Dataset entries
• • • • • • •
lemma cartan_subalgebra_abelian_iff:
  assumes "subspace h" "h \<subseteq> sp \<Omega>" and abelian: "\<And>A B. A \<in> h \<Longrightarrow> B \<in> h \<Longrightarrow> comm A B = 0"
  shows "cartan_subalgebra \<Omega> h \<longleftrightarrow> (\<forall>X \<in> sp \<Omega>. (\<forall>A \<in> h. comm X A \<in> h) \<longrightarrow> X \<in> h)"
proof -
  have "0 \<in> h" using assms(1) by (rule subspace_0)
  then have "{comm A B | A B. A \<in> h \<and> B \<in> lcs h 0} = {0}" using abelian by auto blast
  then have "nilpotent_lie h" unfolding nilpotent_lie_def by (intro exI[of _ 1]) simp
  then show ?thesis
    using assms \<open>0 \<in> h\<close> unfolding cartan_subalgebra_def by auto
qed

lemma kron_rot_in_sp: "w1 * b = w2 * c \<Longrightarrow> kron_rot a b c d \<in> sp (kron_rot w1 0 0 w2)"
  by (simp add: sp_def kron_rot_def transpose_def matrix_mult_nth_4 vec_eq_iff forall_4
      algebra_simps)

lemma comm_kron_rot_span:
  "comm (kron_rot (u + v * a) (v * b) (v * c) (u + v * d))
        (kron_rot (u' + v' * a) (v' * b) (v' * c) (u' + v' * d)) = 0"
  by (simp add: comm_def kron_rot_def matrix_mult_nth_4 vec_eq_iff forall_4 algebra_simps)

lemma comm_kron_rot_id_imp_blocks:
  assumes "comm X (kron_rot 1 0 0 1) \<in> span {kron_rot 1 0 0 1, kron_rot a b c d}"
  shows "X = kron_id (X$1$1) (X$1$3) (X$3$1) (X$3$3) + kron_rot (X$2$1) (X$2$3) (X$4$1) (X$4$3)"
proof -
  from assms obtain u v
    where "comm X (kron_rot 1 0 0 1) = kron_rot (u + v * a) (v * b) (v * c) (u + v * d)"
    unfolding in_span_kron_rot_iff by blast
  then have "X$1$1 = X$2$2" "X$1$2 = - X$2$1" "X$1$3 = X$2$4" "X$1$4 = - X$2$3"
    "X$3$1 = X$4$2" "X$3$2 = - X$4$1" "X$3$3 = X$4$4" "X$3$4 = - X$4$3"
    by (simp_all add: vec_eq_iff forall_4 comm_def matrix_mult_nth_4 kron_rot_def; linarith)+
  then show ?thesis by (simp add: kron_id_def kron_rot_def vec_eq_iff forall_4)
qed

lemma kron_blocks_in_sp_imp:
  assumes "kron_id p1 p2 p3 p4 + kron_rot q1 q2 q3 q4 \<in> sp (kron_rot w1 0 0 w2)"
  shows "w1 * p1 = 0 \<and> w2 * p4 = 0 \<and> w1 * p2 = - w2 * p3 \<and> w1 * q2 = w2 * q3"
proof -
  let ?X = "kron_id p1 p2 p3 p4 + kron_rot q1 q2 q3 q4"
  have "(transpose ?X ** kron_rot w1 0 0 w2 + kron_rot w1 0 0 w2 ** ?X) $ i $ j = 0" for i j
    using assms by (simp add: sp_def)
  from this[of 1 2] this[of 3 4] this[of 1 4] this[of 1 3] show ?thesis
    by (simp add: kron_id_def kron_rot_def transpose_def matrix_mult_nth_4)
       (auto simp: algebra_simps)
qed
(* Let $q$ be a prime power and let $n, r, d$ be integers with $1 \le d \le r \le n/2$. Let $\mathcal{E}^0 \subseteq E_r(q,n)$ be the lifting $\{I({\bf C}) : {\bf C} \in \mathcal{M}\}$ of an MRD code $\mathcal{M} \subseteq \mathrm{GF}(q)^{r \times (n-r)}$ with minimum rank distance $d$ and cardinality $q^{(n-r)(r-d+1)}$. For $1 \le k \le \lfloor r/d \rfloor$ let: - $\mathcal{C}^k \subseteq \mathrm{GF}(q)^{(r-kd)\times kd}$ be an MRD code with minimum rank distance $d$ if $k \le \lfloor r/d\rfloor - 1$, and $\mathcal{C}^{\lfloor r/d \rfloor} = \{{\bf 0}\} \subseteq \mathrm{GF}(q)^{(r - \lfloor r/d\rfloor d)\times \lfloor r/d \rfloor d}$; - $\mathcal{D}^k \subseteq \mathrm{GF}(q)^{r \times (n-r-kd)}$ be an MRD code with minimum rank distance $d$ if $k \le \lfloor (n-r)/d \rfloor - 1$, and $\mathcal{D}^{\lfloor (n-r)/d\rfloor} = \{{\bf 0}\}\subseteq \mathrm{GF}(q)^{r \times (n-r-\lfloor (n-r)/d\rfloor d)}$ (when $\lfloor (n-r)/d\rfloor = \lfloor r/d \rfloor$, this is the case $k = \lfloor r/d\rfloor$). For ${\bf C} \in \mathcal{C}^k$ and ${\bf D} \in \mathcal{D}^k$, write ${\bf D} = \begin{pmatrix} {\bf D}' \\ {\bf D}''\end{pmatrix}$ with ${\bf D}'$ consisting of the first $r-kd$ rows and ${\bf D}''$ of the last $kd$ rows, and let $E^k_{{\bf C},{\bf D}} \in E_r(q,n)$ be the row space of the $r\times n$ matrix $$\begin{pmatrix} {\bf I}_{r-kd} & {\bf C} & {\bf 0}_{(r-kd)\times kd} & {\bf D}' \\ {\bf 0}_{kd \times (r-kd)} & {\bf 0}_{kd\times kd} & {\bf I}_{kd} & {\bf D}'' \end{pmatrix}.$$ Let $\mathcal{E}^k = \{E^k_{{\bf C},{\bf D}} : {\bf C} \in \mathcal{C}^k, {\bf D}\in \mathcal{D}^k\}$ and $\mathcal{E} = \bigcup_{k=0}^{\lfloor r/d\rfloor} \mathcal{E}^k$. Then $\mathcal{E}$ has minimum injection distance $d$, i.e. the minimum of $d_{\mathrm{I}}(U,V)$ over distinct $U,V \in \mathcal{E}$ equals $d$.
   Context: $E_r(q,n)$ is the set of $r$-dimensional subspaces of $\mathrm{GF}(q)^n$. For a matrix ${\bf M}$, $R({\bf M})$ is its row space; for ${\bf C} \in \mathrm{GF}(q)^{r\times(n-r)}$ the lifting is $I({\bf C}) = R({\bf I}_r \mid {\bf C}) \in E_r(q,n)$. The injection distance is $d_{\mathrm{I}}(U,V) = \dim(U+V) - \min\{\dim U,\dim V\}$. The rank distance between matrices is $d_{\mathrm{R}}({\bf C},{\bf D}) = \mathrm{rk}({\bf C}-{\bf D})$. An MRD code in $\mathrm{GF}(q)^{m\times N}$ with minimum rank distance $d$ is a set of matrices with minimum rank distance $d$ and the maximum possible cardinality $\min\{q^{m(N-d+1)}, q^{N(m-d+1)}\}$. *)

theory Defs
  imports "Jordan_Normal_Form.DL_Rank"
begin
• • • • • • •
_DIRECTIONS FOR THIS TASK_:
Once you find the line containing "1) \<in> span", stop: reproduce exactly that line and every line of the data before it, and nothing else.

_TASK RESPONSE_:
lemma cartan_subalgebra_abelian_iff:
  assumes "subspace h" "h \<subseteq> sp \<Omega>" and abelian: "\<And>A B. A \<in> h \<Longrightarrow> B \<in> h \<Longrightarrow> comm A B = 0"
  shows "cartan_subalgebra \<Omega> h \<longleftrightarrow> (\<forall>X \<in> sp \<Omega>. (\<forall>A \<in> h. comm X A \<in> h) \<longrightarrow> X \<in> h)"
proof -
  have "0 \<in> h" using assms(1) by (rule subspace_0)
  then have "{comm A B | A B. A \<in> h \<and> B \<in> lcs h 0} = {0}" using abelian by auto blast
  then have "nilpotent_lie h" unfolding nilpotent_lie_def by (intro exI[of _ 1]) simp
  then show ?thesis
    using assms \<open>0 \<in> h\<close> unfolding cartan_subalgebra_def by auto
qed

lemma kron_rot_in_sp: "w1 * b = w2 * c \<Longrightarrow> kron_rot a b c d \<in> sp (kron_rot w1 0 0 w2)"
  by (simp add: sp_def kron_rot_def transpose_def matrix_mult_nth_4 vec_eq_iff forall_4
      algebra_simps)

lemma comm_kron_rot_span:
  "comm (kron_rot (u + v * a) (v * b) (v * c) (u + v * d))
        (kron_rot (u' + v' * a) (v' * b) (v' * c) (u' + v' * d)) = 0"
  by (simp add: comm_def kron_rot_def matrix_mult_nth_4 vec_eq_iff forall_4 algebra_simps)

lemma comm_kron_rot_id_imp_blocks:
  assumes "comm X (kron_rot 1 0 0 1) \<in> span {kron_rot 1 0 0 1, kron_rot a b c d}"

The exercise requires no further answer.